Iron ore prices fell by 6-7% during July


On the Singapore Stock Exchange, quotations of basic August futures as of June 27, 2024, fell by 6% compared to the price on July 1 – to $101.85/t. At the same time, in June, iron ore prices on the Dalian Exchange fell by 7.1% to 819 yuan/ton ($112.7/ton), and Singapore – by 10.1%, to $105.65/ton. The trend towards falling prices has been observed since May.

During July, commodity prices fluctuated. Since the beginning of the month, there has been an increase, and price levels reached $118.9/t in Dalian, and $113.7/t in Singapore. Quotations of products reached a monthly maximum due to stable short-term demand, supported by positive fundamentals in the Chinese steel indistry, weakening of the US dollar, and market hopes for the introduction of additional stimulation of the Chinese real estate market.

«The relatively high level of iron production, despite signs that it has reached the maximum possible limit, has supported the demand for iron ore in the short term. In addition, a seasonal increase in air defense supplies is expected to be completed soon, «Jinrui Futures analysts comment.

At the same time, from July 6, prices began to weaken gradually, reaching at the end of the month the lowest since April – $99.7/t on the Singapore Stock Exchange, and $105.5/t on the Dalian. This trend was caused by a drop in the production of cast iron and the productivity of blast furnaces, as well as an increase in port stocks. The market slowed in anticipation of the Third Plenum of China, which was held on July 15-18, where the government was to proclaim additional incentives to support demand for steel. Additional pressure on the market was caused by expectations of a drop in steel exports and its production in the II half of the year due to restrictions.

Stocks in major ports in the first decade of July reached 150 million tons, which is 25% more compared to the beginning of the year and 18% compared to the same period last year.
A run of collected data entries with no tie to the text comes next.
(* Let $\mathcal{B}\subseteq[0,1]$ be countable. For a post-scheduling belief $\theta$ on $\mathbb{R}\times\mathcal{B}$ let $L(\theta):=\inf_{\hat e\in\mathbb{R}}\sum_{b\in\mathcal{B}}\int_{\mathbb{R}}(e-\hat e)^2\theta(e,b)\,de$. For any beliefs $\theta,\tilde\theta$ with $\theta\,\mathcal{R}\,\tilde\theta$ we have $L(\theta)\ge L(\tilde\theta)$.
   Context: A belief is a nonnegative function on $\mathbb{R}\times\mathcal{B}$ with $\sum_b\int\theta(e,b)\,de=1$. For $r\in\mathbb{R}$, $\mathcal{S}(r)$ is the set of $\nu:\mathbb{R}\to\mathbb{R}$ with $\nu(x)\ge\nu(y)$ whenever $|x-r|\le|y-r|$. For a Borel set $B$ of finite Lebesgue measure, $B_\sigma$ is the open interval centered at $0$ of the same measure; for nonnegative integrable $h$, $h_\sigma(x)=\int_0^\infty\mathbf{1}_{\{z:h(z)>s\}_\sigma}(x)ds$. For nonnegative integrable $\mu,\nu$ on $\mathbb{R}$, $\mu\prec\nu$ means $\int_{|x|\le s}\mu_\sigma\le\int_{|x|\le s}\nu_\sigma$ for all $s>0$. For beliefs, $\theta\,\mathcal{R}\,\tilde\theta$ means: $\theta(\cdot,b)\prec\tilde\theta(\cdot,b)$ for each $b\in\mathcal{B}$, and there is $r\in\mathbb{R}$ with $\tilde\theta(\cdot,b)\in\mathcal{S}(r)$ for all $b$. *)

theory Defs
  imports "HOL-Analysis.Analysis"
begin

text \<open>A belief on R x B: theta e b, nonnegative, measurable in e, total mass 1
  (sum over b in B realised as an integral over count_space B).\<close>
definition belief :: "real set \<Rightarrow> (real \<Rightarrow> real \<Rightarrow> real) \<Rightarrow> bool" where
  "belief B \<theta> \<longleftrightarrow>
     (\<forall>e. \<forall>b\<in>B. 0 \<le> \<theta> e b) \<and>
     (\<forall>b\<in>B. (\<lambda>e. \<theta> e b) \<in> borel_measurable lborel) \<and>
     (\<integral>\<^sup>+ b. (\<integral>\<^sup>+ e. ennreal (\<theta> e b) \<partial>lborel) \<partial>count_space B) = 1"

definition symdec :: "real \<Rightarrow> (real \<Rightarrow> real) set" where
  "symdec r = {\<nu>. \<forall>x y. \<bar>x - r\<bar> \<le> \<bar>y - r\<bar> \<longrightarrow> \<nu> x \<ge> \<nu> y}"

definition sym_set :: "real set \<Rightarrow> real set" where
  "sym_set A = {x. ennreal (2 * \<bar>x\<bar>) < emeasure lborel A}"

definition sym_rearr :: "(real \<Rightarrow> real) \<Rightarrow> real \<Rightarrow> ennreal" where
  "sym_rearr h x = (\<integral>\<^sup>+ s\<in>{0<..}. indicator (sym_set {z. h z > s}) x \<partial>lborel)"

definition majorized :: "(real \<Rightarrow> real) \<Rightarrow> (real \<Rightarrow> real) \<Rightarrow> bool" where
  "majorized \<mu> \<nu> \<longleftrightarrow> (\<forall>s>0.
     (\<integral>\<^sup>+ x\<in>{x. \<bar>x\<bar> \<le> s}. sym_rearr \<mu> x \<partial>lborel)
       \<le> (\<integral>\<^sup>+ x\<in>{x. \<bar>x\<bar> \<le> s}. sym_rearr \<nu> x \<partial>lborel))"

definition belief_R :: "real set \<Rightarrow> (real \<Rightarrow> real \<Rightarrow> real) \<Rightarrow> (real \<Rightarrow> real \<Rightarrow> real) \<Rightarrow> bool" where
  "belief_R B \<theta> \<theta>' \<longleftrightarrow>
     (\<forall>b\<in>B. majorized (\<lambda>e. \<theta> e b) (\<lambda>e. \<theta>' e b)) \<and>
     (\<exists>r. \<forall>b\<in>B. (\<lambda>e. \<theta>' e b) \<in> symdec r)"

definition loss :: "real set \<Rightarrow> (real \<Rightarrow> real \<Rightarrow> real) \<Rightarrow> ennreal" where
  "loss B \<theta> = (INF eh. \<integral>\<^sup>+ b. (\<integral>\<^sup>+ e. ennreal ((e - eh)\<^sup>2 * \<theta> e b) \<partial>lborel) \<partial>count_space B)"

end

theory Submission
  imports Defs
begin

text \<open>
  Write \<open>\<lambda>\<^sub>h(s) = |{h > s}|\<close>. By the layer-cake formula, used twice, the second moment
  \<open>\<integral>(e - c)\<^sup>2 h(e) de\<close> equals \<open>\<integral>\<^sub>0\<^sup>\<infinity> \<integral>\<^sub>0\<^sup>\<infinity> |{(e - c)\<^sup>2 > u} \<inter> {h > s}| ds du\<close>. Removing the
  interval \<open>{(e - c)\<^sup>2 \<le> u}\<close> of length \<open>2\<surd>u\<close> leaves at least \<open>(\<lambda>\<^sub>h(s) - 2\<surd>u)\<^sub>+\<close> of a
  superlevel set, with equality when \<open>h\<close> is symmetric decreasing about \<open>c\<close>.

  Since \<open>\<integral>\<^bsub>|x| \<le> T/2\<^esub> h\<^sub>\<sigma> = \<integral>\<^sub>0\<^sup>\<infinity> min(T, \<lambda>\<^sub>h(s)) ds\<close>, majorization \<open>f \<prec> g\<close> says
  \<open>\<integral> min(T, \<lambda>\<^sub>f) \<le> \<integral> min(T, \<lambda>\<^sub>g)\<close> for all \<open>T\<close>. Letting \<open>T \<rightarrow> \<infinity>\<close> gives
  \<open>\<integral>f \<le> \<integral>g\<close>, so two beliefs of total mass 1 have the same mass in every slice \<open>b\<close>,
  and then \<open>\<integral> (\<lambda>\<^sub>g - T)\<^sub>+ \<le> \<integral> (\<lambda>\<^sub>f - T)\<^sub>+\<close>. Hence the second moment of \<open>\<theta>'(\<cdot>, b)\<close>
  about its common centre \<open>r\<close> is at most that of \<open>\<theta>(\<cdot>, b)\<close> about any point, and summing
  over \<open>b\<close> gives \<open>L(\<theta>') \<le> L(\<theta>)\<close>.
\<close>

lemma nn_integral_layer_cake_weighted:
  fixes f :: "real \<Rightarrow> real" and \<omega> :: "real \<Rightarrow> ennreal"
  assumes f: "f \<in> borel_measurable lborel" and f_nonneg: "\<And>e. 0 \<le> f e"
    and \<omega>: "\<omega> \<in> borel_measurable lborel"
  shows "(\<integral>\<^sup>+ e. ennreal (f e) * \<omega> e \<partial>lborel)
       = (\<integral>\<^sup>+ s\<in>{0<..}. (\<integral>\<^sup>+ e. \<omega> e * indicator {z. s < f z} e \<partial>lborel) \<partial>lborel)"
proof -
  have "(\<integral>\<^sup>+ e. ennreal (f e) * \<omega> e \<partial>lborel)
      = (\<integral>\<^sup>+ e. (\<integral>\<^sup>+ s. indicator {0<..<f e} s * \<omega> e \<partial>lborel) \<partial>lborel)"
    using f_nonneg by (intro nn_integral_cong) (simp add: nn_integral_multc)
  also have "\<dots> = (\<integral>\<^sup>+ s. (\<integral>\<^sup>+ e. indicator {0<..<f e} s * \<omega> e \<partial>lborel) \<partial>lborel)"
    by (rule lborel_pair.Fubini'[symmetric])
      (simp add: case_prod_unfold indicator_def; use f \<omega> in measurable)
  also have "\<dots> = (\<integral>\<^sup>+ s\<in>{0<..}. (\<integral>\<^sup>+ e. \<omega> e * indicator {z. s < f z} e \<partial>lborel) \<partial>lborel)"
  proof (intro nn_integral_cong)
    fix s :: real
    have "(\<integral>\<^sup>+ e. indicator {0<..<f e} s * \<omega> e \<partial>lborel)
        = (\<integral>\<^sup>+ e. \<omega> e * indicator {z. s < f z} e * indicator {0<..} s \<partial>lborel)"
      by (intro nn_integral_cong) (auto simp: indicator_def)
    also have "\<dots> = (\<integral>\<^sup>+ e. \<omega> e * indicator {z. s < f z} e \<partial>lborel) * indicator {0<..} s"
      using f \<omega> by (simp add: nn_integral_multc)
    finally show "(\<integral>\<^sup>+ e. indicator {0<..<f e} s * \<omega> e \<partial>lborel)
        = (\<integral>\<^sup>+ e. \<omega> e * indicator {z. s < f z} e \<partial>lborel) * indicator {0<..} s" .
  qed
  finally show ?thesis .
qed

lemma nn_integral_layer_cake:
  fixes f :: "real \<Rightarrow> real"
  assumes "f \<in> borel_measurable lborel" and "\<And>e. 0 \<le> f e"
  shows "(\<integral>\<^sup>+ e. ennreal (f e) \<partial>lborel) = (\<integral>\<^sup>+ s\<in>{0<..}. emeasure lborel {z. s < f z} \<partial>lborel)"
  using nn_integral_layer_cake_weighted[OF assms, of "\<lambda>_. 1"] assms(1) by simp

lemma borel_measurable_emeasure_superlevel:
  fixes f :: "real \<Rightarrow> real"
  assumes f: "f \<in> borel_measurable lborel"
  shows "(\<lambda>s. emeasure lborel {z. s < f z}) \<in> borel_measurable borel"
proof -
  have "(\<lambda>s. \<integral>\<^sup>+ z. indicator {z. s < f z} z \<partial>lborel) \<in> borel_measurable borel"
    by (rule lborel.borel_measurable_nn_integral[where N=borel, simplified])
      (simp add: case_prod_unfold indicator_def; use f in measurable)
  then show ?thesis
    using f by simp
qed

lemma emeasure_sym_set_Int_interval:
  fixes A :: "real set" and T :: real
  assumes T: "T > 0"
  shows "emeasure lborel (sym_set A \<inter> {x. \<bar>x\<bar> \<le> T / 2}) = min (ennreal T) (emeasure lborel A)"
proof (cases "emeasure lborel A \<le> ennreal T")
  case True
  then obtain a where a: "emeasure lborel A = ennreal a" "0 \<le> a" "a \<le> T"
    using T by (cases "emeasure lborel A") (auto simp: ennreal_le_iff top_unique)
  have "sym_set A \<inter> {x. \<bar>x\<bar> \<le> T / 2} = {-a/2<..<a/2}"
    using a by (auto simp: sym_set_def ennreal_less_iff abs_less_iff)
  then show ?thesis
    using True a by (simp add: min_absorb2)
next
  case False
  have "ennreal (2 * \<bar>x\<bar>) < emeasure lborel A" if "\<bar>x\<bar> \<le> T / 2" for x
  proof -
    have "ennreal (2 * \<bar>x\<bar>) \<le> ennreal T"
      using that by (intro ennreal_leI) simp
    also have "\<dots> < emeasure lborel A"
      using False by simp
    finally show ?thesis .
  qed
  then have "sym_set A \<inter> {x. \<bar>x\<bar> \<le> T / 2} = {-T/2..T/2}"
    by (auto simp: sym_set_def)
  then show ?thesis
    using False T by simp
qed

lemma nn_integral_sym_rearr_interval:
  fixes f :: "real \<Rightarrow> real" and T :: real
  assumes f: "f \<in> borel_measurable lborel" and T: "T > 0"
  shows "(\<integral>\<^sup>+ x\<in>{x. \<bar>x\<bar> \<le> T / 2}. sym_rearr f x \<partial>lborel)
       = (\<integral>\<^sup>+ s\<in>{0<..}. min (ennreal T) (emeasure lborel {z. s < f z}) \<partial>lborel)"
proof -
  let ?I = "{x::real. \<bar>x\<bar> \<le> T / 2}"
  note [measurable] = borel_measurable_emeasure_superlevel[OF f]
  have "(\<integral>\<^sup>+ x\<in>?I. sym_rearr f x \<partial>lborel)
      = (\<integral>\<^sup>+ x. (\<integral>\<^sup>+ s. indicator (sym_set {z. s < f z}) x * indicator {0<..} s * indicator ?I x \<partial>lborel) \<partial>lborel)"
    unfolding sym_rearr_def
    by (intro nn_integral_cong, subst nn_integral_multc) (auto simp: sym_set_def)
  also have "\<dots> = (\<integral>\<^sup>+ s. (\<integral>\<^sup>+ x. indicator (sym_set {z. s < f z}) x * indicator {0<..} s * indicator ?I x \<partial>lborel) \<partial>lborel)"
    unfolding sym_set_def
    by (rule lborel_pair.Fubini'[symmetric]) (simp add: case_prod_unfold indicator_def; measurable)
  also have "\<dots> = (\<integral>\<^sup>+ s. emeasure lborel (sym_set {z. s < f z} \<inter> ?I) * indicator {0<..} s \<partial>lborel)"
  proof (intro nn_integral_cong)
    fix s :: real
    have "(\<integral>\<^sup>+ x. indicator (sym_set {z. s < f z}) x * indicator {0<..} s * indicator ?I x \<partial>lborel)
        = (\<integral>\<^sup>+ x. indicator (sym_set {z. s < f z} \<inter> ?I) x * indicator {0<..} s \<partial>lborel)"
      by (intro nn_integral_cong) (auto simp: indicator_def)
    also have "\<dots> = emeasure lborel (sym_set {z. s < f z} \<inter> ?I) * indicator {0<..} s"
      by (subst nn_integral_multc) (simp_all add: sym_set_def)
    finally show "(\<integral>\<^sup>+ x. indicator (sym_set {z. s < f z}) x * indicator {0<..} s * indicator ?I x \<partial>lborel)
        = emeasure lborel (sym_set {z. s < f z} \<inter> ?I) * indicator {0<..} s" .
  qed
  also have "\<dots> = (\<integral>\<^sup>+ s\<in>{0<..}. min (ennreal T) (emeasure lborel {z. s < f z}) \<partial>lborel)"
    by (simp only: emeasure_sym_set_Int_interval[OF T])
  finally show ?thesis .
qed

lemma majorized_truncated_layers_le:
  fixes f g :: "real \<Rightarrow> real" and T :: real
  assumes "majorized f g"
    and "f \<in> borel_measurable lborel" and "g \<in> borel_measurable lborel" and "T > 0"
  shows "(\<integral>\<^sup>+ s\<in>{0<..}. min (ennreal T) (emeasure lborel {z. s < f z}) \<partial>lborel)
       \<le> (\<integral>\<^sup>+ s\<in>{0<..}. min (ennreal T) (emeasure lborel {z. s < g z}) \<partial>lborel)"
proof -
  have "(\<integral>\<^sup>+ x\<in>{x. \<bar>x\<bar> \<le> T / 2}. sym_rearr f x \<partial>lborel)
      \<le> (\<integral>\<^sup>+ x\<in>{x. \<bar>x\<bar> \<le> T / 2}. sym_rearr g x \<partial>lborel)"
    using assms(1,4) unfolding majorized_def by (meson half_gt_zero)
  then show ?thesis
    using assms(2-4) by (simp only: nn_integral_sym_rearr_interval)
qed

lemma SUP_min_of_nat_ennreal: "(SUP n. min (of_nat (Suc n)) m) = (m::ennreal)"
proof -
  have "(SUP n. min (of_nat (Suc n)) m) = min (SUP n. of_nat (Suc n)) m"
    by (simp only: SUP_inf flip: inf_min)
  also have "(SUP n. of_nat (Suc n) :: ennreal) = top"
    by (meson UNIV_I ennreal_SUP_eq_top lessI nless_le of_nat_mono)
  finally show ?thesis
    by simp
qed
Already in the middle of the month, this figure was 151.3 million tons.

Prices continued to decline after the meeting of Chinese officials, as market participants did not feel signals of any serious incentives against the background of weak economic results. In addition, the country’s fundamentals for the second quarter were lower than expected, which also did not contribute to positive changes in the steel and raw materials market.
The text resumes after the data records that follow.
lemma cauchy_riemann_continuous:
  assumes "cauchy_riemann \<alpha> \<beta>"
  shows "continuous_on S \<alpha>" "continuous_on S \<beta>"
proof -
  obtain D\<alpha> D\<beta> where "\<And>p. (\<alpha> has_derivative D\<alpha> p) (at p) \<and> (\<beta> has_derivative D\<beta> p) (at p)"
    using assms unfolding cauchy_riemann_def by blast
  then show "continuous_on S \<alpha>" "continuous_on S \<beta>"
    by (meson continuous_at_imp_continuous_on has_derivative_continuous)+
qed

lemma cauchy_riemann_const: "cauchy_riemann (\<lambda>p. c) (\<lambda>p. 0)"
  unfolding cauchy_riemann_def by (auto intro!: exI[of _ "\<lambda>p h. 0"])

text \<open>The real and imaginary parts of \<open>(\<alpha> + i\<beta>)(\<gamma> + i\<delta>)\<close>, with \<open>prod\<close> in place of the multiplication.\<close>
lemma (in bounded_bilinear) cauchy_riemann_prod:
  assumes "cauchy_riemann \<alpha> \<beta>" "cauchy_riemann \<gamma> \<delta>"
  shows "cauchy_riemann (\<lambda>p. prod (\<alpha> p) (\<gamma> p) - prod (\<beta> p) (\<delta> p)) (\<lambda>p. prod (\<beta> p) (\<gamma> p) + prod (\<alpha> p) (\<delta> p))"
proof -
  obtain D\<alpha> D\<beta> where \<alpha>\<beta>: "\<And>p. (\<alpha> has_derivative D\<alpha> p) (at p) \<and> (\<beta> has_derivative D\<beta> p) (at p) \<and>
      D\<alpha> p (1, 0) - D\<beta> p (0, 1) = 0 \<and> D\<beta> p (1, 0) + D\<alpha> p (0, 1) = 0"
    using assms(1) unfolding cauchy_riemann_def by blast
  obtain D\<gamma> D\<delta> where \<gamma>\<delta>: "\<And>p. (\<gamma> has_derivative D\<gamma> p) (at p) \<and> (\<delta> has_derivative D\<delta> p) (at p) \<and>
      D\<gamma> p (1, 0) - D\<delta> p (0, 1) = 0 \<and> D\<delta> p (1, 0) + D\<gamma> p (0, 1) = 0"
    using assms(2) unfolding cauchy_riemann_def by blast
  have cr: "D\<beta> p (0, 1) = D\<alpha> p (1, 0)" "D\<alpha> p (0, 1) = - D\<beta> p (1, 0)"
    "D\<delta> p (0, 1) = D\<gamma> p (1, 0)" "D\<gamma> p (0, 1) = - D\<delta> p (1, 0)" for p
    using \<alpha>\<beta>[of p] \<gamma>\<delta>[of p] by (auto simp: eq_neg_iff_add_eq_0 add.commute)
  show ?thesis
    unfolding cauchy_riemann_def
  proof (intro exI allI conjI)
    fix p
    show "((\<lambda>p. prod (\<alpha> p) (\<gamma> p) - prod (\<beta> p) (\<delta> p)) has_derivative
      (\<lambda>h. (prod (\<alpha> p) (D\<gamma> p h) + prod (D\<alpha> p h) (\<gamma> p)) - (prod (\<beta> p) (D\<delta> p h) + prod (D\<beta> p h) (\<delta> p)))) (at p)"
      by (intro has_derivative_diff FDERIV) (use \<alpha>\<beta> \<gamma>\<delta> in auto)
    show "((\<lambda>p. prod (\<beta> p) (\<gamma> p) + prod (\<alpha> p) (\<delta> p)) has_derivative
      (\<lambda>h. (prod (\<beta> p) (D\<gamma> p h) + prod (D\<beta> p h) (\<gamma> p)) + (prod (\<alpha> p) (D\<delta> p h) + prod (D\<alpha> p h) (\<delta> p)))) (at p)"
      by (intro has_derivative_add FDERIV) (use \<alpha>\<beta> \<gamma>\<delta> in auto)
  qed (simp_all add: cr minus_left minus_right algebra_simps)
qed

lemma has_derivative_componentwise_vec:
  fixes f :: "'a::real_normed_vector \<Rightarrow> real ^ 'i"
  assumes "\<And>i. ((\<lambda>x. f x $ i) has_derivative (\<lambda>h. f' h $ i)) (at a within S)"
  shows "(f has_derivative f') (at a within S)"
  by (subst has_derivative_componentwise_within)
    (auto simp: Basis_vec_def cart_eq_inner_axis[symmetric] assms)

lemma bounded_linear_Complex: "bounded_linear (\<lambda>p. Complex (fst p) (snd p))"
proof -
  have "linear (\<lambda>p. Complex (fst p) (snd p))"
    unfolding linear_iff by (simp add: complex_eq_iff)
  then show ?thesis
    using linear_conv_bounded_linear by blast
qed

lemma linear_pair_eq:
  assumes "linear D"
  shows "D (a, b) = a *\<^sub>R D (1, 0) + b *\<^sub>R D (0, 1)"
proof -
  have "(a, b) = a *\<^sub>R (1::real, 0::real) + b *\<^sub>R (0, 1)"
    by simp
  then show ?thesis
    by (simp only: linear_add[OF assms] linear_scale[OF assms])
qed

definition complexify :: "(real \<times> real \<Rightarrow> real ^ 'i) \<Rightarrow> (real \<times> real \<Rightarrow> real ^ 'i) \<Rightarrow> 'i \<Rightarrow> complex \<Rightarrow> complex" where
  "complexify \<alpha> \<beta> i z = Complex (\<alpha> (Re z, Im z) $ i) (\<beta> (Re z, Im z) $ i)"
«Without further stimulus measures, there is almost no hope for the recovery of the real estate and construction sector in the short term. As long as unsold housing volumes remain at high levels, new investment and construction activity will remain low, «ANZ analysts said.

This week, the market is waiting for a meeting of the Politburo, where new economic incentives may be announced.

The British international commercial bank HSBC Holdings expects that iron ore prices in 2024 will be at $100/t. The world market remains tense despite the real estate crisis in China, which worsens the prospects for steel demand in the country, the bank said.

Capital Economics predicts that ore quotes will vary at the level of $99-100/t. In the second quarter and fourth quarter, prices will be at $100/ton, and in the third – $99/ton. At the end of next year, prices for air defense will fall to $85/t. Among the key reasons for the negative outlook is the expectation of weak global demand for steel.